Often times I find myself in a location that I didn't use my Nav system (RNS 310 CC Sport R Plus) to find. However, I may want to save that location as a future destination. I cannot for the life of me find a "save my location" anywhere in the RNS 310 menus. I would think this would be a relatively simple function. Most every other GPS (handheld or aftermarket) has had this feature.

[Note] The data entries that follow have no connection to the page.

lemma colspace_subset_rel_interior:
  fixes f :: "'a::euclidean_space \<Rightarrow> real^'n^'n"
  assumes "linear f" and psd: "\<And>z. z \<in> D \<Longrightarrow> psd (f z)" and "x \<in> rel_interior D" and "y \<in> D"
  shows "colspace (f y) \<subseteq> colspace (f x)"
proof -
  obtain z u where "z \<in> D" "0 < u" "u < 1" and x: "x = (1 - u) *\<^sub>R z + u *\<^sub>R y"
    using rel_interior_extend_segment[OF \<open>x \<in> rel_interior D\<close> \<open>y \<in> D\<close>] .
  have "f x = u *\<^sub>R f y + (1 - u) *\<^sub>R f z"
    using \<open>linear f\<close> by (simp add: x linear_add linear_scale add.commute)
  then show ?thesis
    using colspace_subset_psd_combination[OF psd[OF \<open>y \<in> D\<close>] psd[OF \<open>z \<in> D\<close>]] \<open>0 < u\<close> \<open>u < 1\<close>
    by simp
qed

lemma colspace_eq_rel_interior_psd:
  assumes "\<And>X. X \<in> D \<Longrightarrow> psd X" and "X1 \<in> rel_interior D" "X2 \<in> rel_interior D"
  shows "colspace X1 = colspace (X2::real^'n^'n)"
proof -
  have "colspace X \<subseteq> colspace Y" if "X \<in> rel_interior D" "Y \<in> rel_interior D" for X Y
    using colspace_subset_rel_interior[of id D Y X] assms(1) that rel_interior_subset linear_id
    by auto
  then show ?thesis using assms by blast
qed

section \<open>The trace inner product\<close>

lemma trip_eq_sum: "trip C X = (\<Sum>i\<in>UNIV. \<Sum>k\<in>UNIV. C$i$k * X$k$i)"
  by (simp add: trip_def trace_def matrix_matrix_mult_def)

lemma trip_add_left: "trip (C + D) X = trip C X + trip D X"
  by (simp add: trip_eq_sum distrib_right sum.distrib)

lemma trip_scaleR_left: "trip (c *\<^sub>R C) X = c * trip C X"
  by (simp add: trip_eq_sum sum_distrib_left mult.assoc)

lemma trip_add_right: "trip C (X + Y) = trip C X + trip C Y"
  by (simp add: trip_eq_sum distrib_left sum.distrib)

lemma trip_scaleR_right: "trip C (c *\<^sub>R X) = c * trip C X"
  by (simp add: trip_eq_sum sum_distrib_left mult.left_commute)

lemma trip_zero_right [simp]: "trip C 0 = 0"
  by (simp add: trip_eq_sum)

lemma trip_zero_left [simp]: "trip 0 X = 0"
  by (simp add: trip_eq_sum)

lemma trip_sum_scaleR_left:
  "finite I \<Longrightarrow> trip (\<Sum>i\<in>I. c i *\<^sub>R A i) X = (\<Sum>i\<in>I. c i * trip (A i) X)"
  by (induct rule: finite_induct) (simp_all add: trip_add_left trip_scaleR_left)

lemma trip_commute: "trip C X = trip X C"
  unfolding trip_def by (rule trace_mul_sym)

definition outer_prod :: "real^'n \<Rightarrow> real^'n^'n" where
  "outer_prod u = (\<chi> i j. u$i * u$j)"

lemma outer_prod_mult_vector: "outer_prod u *v w = (u \<bullet> w) *\<^sub>R u"
  by (simp add: outer_prod_def matrix_vector_mult_def inner_vec_def vec_eq_iff
      sum_distrib_left sum_distrib_right mult_ac)

lemma trip_outer_prod: "trip S (outer_prod u) = u \<bullet> (S *v u)"
  by (simp add: trip_eq_sum outer_prod_def inner_matrix_vector_eq_sum mult_ac)

lemma psd_outer_prod: "psd (outer_prod u)"
proof -
  have "sym_mat (outer_prod u)"
    by (simp add: sym_mat_def outer_prod_def transpose_def vec_eq_iff mult.commute)
  moreover have "x \<bullet> (outer_prod u *v x) = (u \<bullet> x)^2" for x
    by (simp add: outer_prod_mult_vector power2_eq_square inner_commute)
  ultimately show ?thesis by (simp add: psd_def)
qed

text \<open>Cauchy-Schwarz for the form of \<open>X\<close> gives \<open>(w\<^sup>TXz)\<^sup>2 \<le> (w\<^sup>TXw)(z\<^sup>TXz)\<close>.\<close>
lemma psd_diff_outer_prod:
  assumes X: "psd X" and "0 < z \<bullet> (X *v z)"
  shows "psd (X - (1 / (z \<bullet> (X *v z))) *\<^sub>R outer_prod (X *v z))"
    (is "psd (X - ?c *\<^sub>R outer_prod ?u)")
proof -
  have "0 \<le> w \<bullet> ((X - ?c *\<^sub>R outer_prod ?u) *v w)" for w
  proof -
    have "(w \<bullet> ?u)^2 \<le> (w \<bullet> (X *v w)) / ?c"
      using psd_cauchy_schwarz[OF X, of w z] \<open>0 < z \<bullet> (X *v z)\<close> by simp
    then show ?thesis
      using \<open>0 < z \<bullet> (X *v z)\<close>
      by (simp add: matrix_vector_mult_diff_rdistrib outer_prod_mult_vector inner_diff_right
          scaleR_matrix_vector_assoc[symmetric] inner_commute[of ?u] power2_eq_square
          pos_divide_le_eq mult_ac)
  qed
  moreover have "sym_mat (X - ?c *\<^sub>R outer_prod ?u)"
    by (intro sym_mat_diff sym_mat_scaleR psd_sym_mat X psd_outer_prod)
  ultimately show ?thesis by (simp add: psd_def)
qed

lemma psd_rank_one_split:
  fixes X :: "real^'n^'n"
  assumes X: "psd X" and "X \<noteq> 0"
  obtains c u X' where "0 < c" "u \<noteq> 0" "psd X'" "X = X' + c *\<^sub>R outer_prod u"
    "dim (colspace X') < dim (colspace X)"
proof -
  obtain z where Xz: "X *v z \<noteq> 0" using \<open>X \<noteq> 0\<close> matrix_eq[of X 0] by auto
  have "0 < z \<bullet> (X *v z)"
    using psd_quadratic_nonneg[OF X, of z] psd_quadratic_zero_imp_kernel[OF X, of z] Xz by linarith
  define u c where "u = X *v z" and "c = 1 / (z \<bullet> (X *v z))"
  define X' where "X' = X - c *\<^sub>R outer_prod u"
  have "0 < c" and "psd X'"
    using \<open>0 < z \<bullet> (X *v z)\<close> psd_diff_outer_prod[OF X] by (simp_all add: c_def X'_def u_def)
  have X'_mult: "X' *v w = X *v w - (c * (u \<bullet> w)) *\<^sub>R u" for w
    by (simp add: X'_def matrix_vector_mult_diff_rdistrib outer_prod_mult_vector
        scaleR_matrix_vector_assoc[symmetric])
  have "colspace X' \<subseteq> colspace X"
  proof
    fix x assume "x \<in> colspace X'"
    then obtain w where "x = X' *v w" by auto
    then have "x = X *v (w - (c * (u \<bullet> w)) *\<^sub>R z)"
      by (simp add: X'_mult matrix_vector_mult_diff_distrib matrix_vector_mult_scaleR u_def)
    then show "x \<in> colspace X" by blast
  qed
  moreover have "u \<notin> colspace X'"
  proof
    assume "u \<in> colspace X'"
    then obtain w where w: "u = X' *v w" by auto
    have uz: "u \<bullet> z * c = 1" using \<open>0 < c\<close> by (simp add: u_def c_def inner_commute)
    then have "X' *v z = 0" by (simp add: X'_mult u_def mult.commute)
    then have "z \<bullet> u = 0"
      using sym_mat_inner_commute[OF psd_sym_mat[OF \<open>psd X'\<close>], of z w] w by simp
    then show False using uz by (simp add: inner_commute)
  qed
  moreover have "u \<in> colspace X" by (simp add: u_def)
  ultimately have "dim (colspace X') < dim (colspace X)"
    using dim_psubset[of "colspace X'" "colspace X"] by (auto simp: span_colspace)
  moreover have "X = X' + c *\<^sub>R outer_prod u" by (simp add: X'_def)
  ultimately show ?thesis
    using that[of c u X'] \<open>0 < c\<close> Xz \<open>psd X'\<close> unfolding u_def by blast
qed

lemma trip_psd_nonneg:
  assumes S: "psd S" and X: "psd (X::real^'n^'n)"
  shows "0 \<le> trip S X"
  using X
proof (induct "dim (colspace X)" arbitrary: X rule: less_induct)
  case less
  show ?case
  proof (cases "X = 0")
    case False
    then obtain c u X' where "0 < c" "psd X'" "X = X' + c *\<^sub>R outer_prod u"
      and "dim (colspace X') < dim (colspace X)"
      using psd_rank_one_split[OF \<open>psd X\<close>] by metis
    then show ?thesis
      using less psd_quadratic_nonneg[OF S, of u]
      by (simp add: trip_add_right trip_scaleR_right trip_outer_prod)
  qed simp
qed

lemma trip_pd_pos:
  assumes S: "pd S" and X: "psd X" and "X \<noteq> 0"
  shows "0 < trip S X"
proof -
  obtain c u X' where "0 < c" "u \<noteq> 0" "psd X'" "X = X' + c *\<^sub>R outer_prod u"
    using psd_rank_one_split[OF X \<open>X \<noteq> 0\<close>] by metis
  moreover have "0 \<le> trip S X'" using trip_psd_nonneg[OF pd_imp_psd[OF S] \<open>psd X'\<close>] .
  moreover have "0 < u \<bullet> (S *v u)" using S \<open>u \<noteq> 0\<close> by (simp add: pd_def)
  ultimately show ?thesis
    by (simp add: trip_add_right trip_scaleR_right trip_outer_prod add_nonneg_pos)
qed

text \<open>If \<open>x\<^sup>TSx < 0\<close>, then \<open>\<langle>S, t xx\<^sup>T\<rangle> \<rightarrow> -\<infinity>\<close> as \<open>t \<rightarrow> \<infinity>\<close>.\<close>
lemma psd_if_trip_bounded_below:
  assumes "sym_mat S" and bounded: "\<And>X. psd X \<Longrightarrow> l \<le> trip S X"
  shows "psd S"
proof -
  have "0 \<le> x \<bullet> (S *v x)" for x
  proof (rule ccontr)
    assume neg: "\<not> 0 \<le> x \<bullet> (S *v x)"
    define t where "t = (\<bar>l\<bar> + 1) / - (x \<bullet> (S *v x))"
    have "0 \<le> t" unfolding t_def using neg by (intro divide_nonneg_pos) auto
    then have "l \<le> t * (x \<bullet> (S *v x))"
      using bounded[OF psd_scaleR[OF psd_outer_prod]]
      by (simp add: trip_scaleR_right trip_outer_prod)
    also have "\<dots> = - (\<bar>l\<bar> + 1)" using neg by (simp add: t_def)
    finally show False by simp
  qed
  with \<open>sym_mat S\<close> show ?thesis by (simp add: psd_def)
qed

lemma sym_mat_zero_if_trip_minimized_at_pd:
  assumes "sym_mat M" and "pd X0" and min: "\<And>X. psd X \<Longrightarrow> trip M X0 \<le> trip M X"
  shows "M = 0"
proof -
  have "trip M X0 \<le> 0" using min[OF psd_zero] by simp
  moreover have "trip M X0 \<le> trip M (2 *\<^sub>R X0)"
    using min psd_scaleR[OF pd_imp_psd[OF \<open>pd X0\<close>]] by simp
  ultimately have "trip M X0 = 0" by (simp add: trip_scaleR_right)
  then have "psd M" using psd_if_trip_bounded_below[OF \<open>sym_mat M\<close>, of 0] min by simp
  show ?thesis
  proof (rule ccontr)
    assume "M \<noteq> 0"
    then have "0 < trip X0 M" using trip_pd_pos[OF \<open>pd X0\<close> \<open>psd M\<close>] by simp
    then show False using \<open>trip M X0 = 0\<close> trip_commute[of M X0] by simp
  qed
qed

section \<open>Duality\<close>

lemma weak_duality:
  assumes X: "primal_feas A b X" and yS: "dual_feas C Cb A eps (y, S)"
  shows "b \<bullet> y \<le> trip (C + eps *\<^sub>R Cb) X"
proof -
  have "C + eps *\<^sub>R Cb = (\<Sum>i\<in>UNIV. y $ i *\<^sub>R A i) + S"
    using yS by (simp add: dual_feas_def)
  then have "trip (C + eps *\<^sub>R Cb) X = (\<Sum>i\<in>UNIV. y $ i * trip (A i) X) + trip S X"
    by (simp add: trip_add_left trip_sum_scaleR_left)
  also have "(\<Sum>i\<in>UNIV. y $ i * trip (A i) X) = b \<bullet> y"
    using X by (simp add: primal_feas_def inner_vec_def mult.commute)
  finally show ?thesis
    using trip_psd_nonneg[of S X] X yS by (simp add: dual_feas_def primal_feas_def)
qed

If anyone knows how to do this I'd appreciate hearing the instructions.


----------



## new2FWD (Mar 24, 2012)

I hate to say it but I don't think that feature exists on the rns 310. the only thing you can do is input the address of where you are (if you know it) and then save that. kinda ****ty if the spot doesn't have a number address though


----------



## Wahoodaddy (Nov 11, 2010)

If there is a little "information" button (I think it looks like "!") that will lock in your location.


----------



## macgeek (Apr 11, 1999)

*Save My Location found!*

The little "i" button WAY up to the right of the unit is the trick. Damn if it's not the most unintuitive place to put that function. The good news is that as I obsessed over where the save setting was located, I found the setting that turned off the visual display when you turned on the car seats. Why somebody would need to see a visual confirmation for a seat heater after hitting the actual button (with lights) is a mystery to me.


----------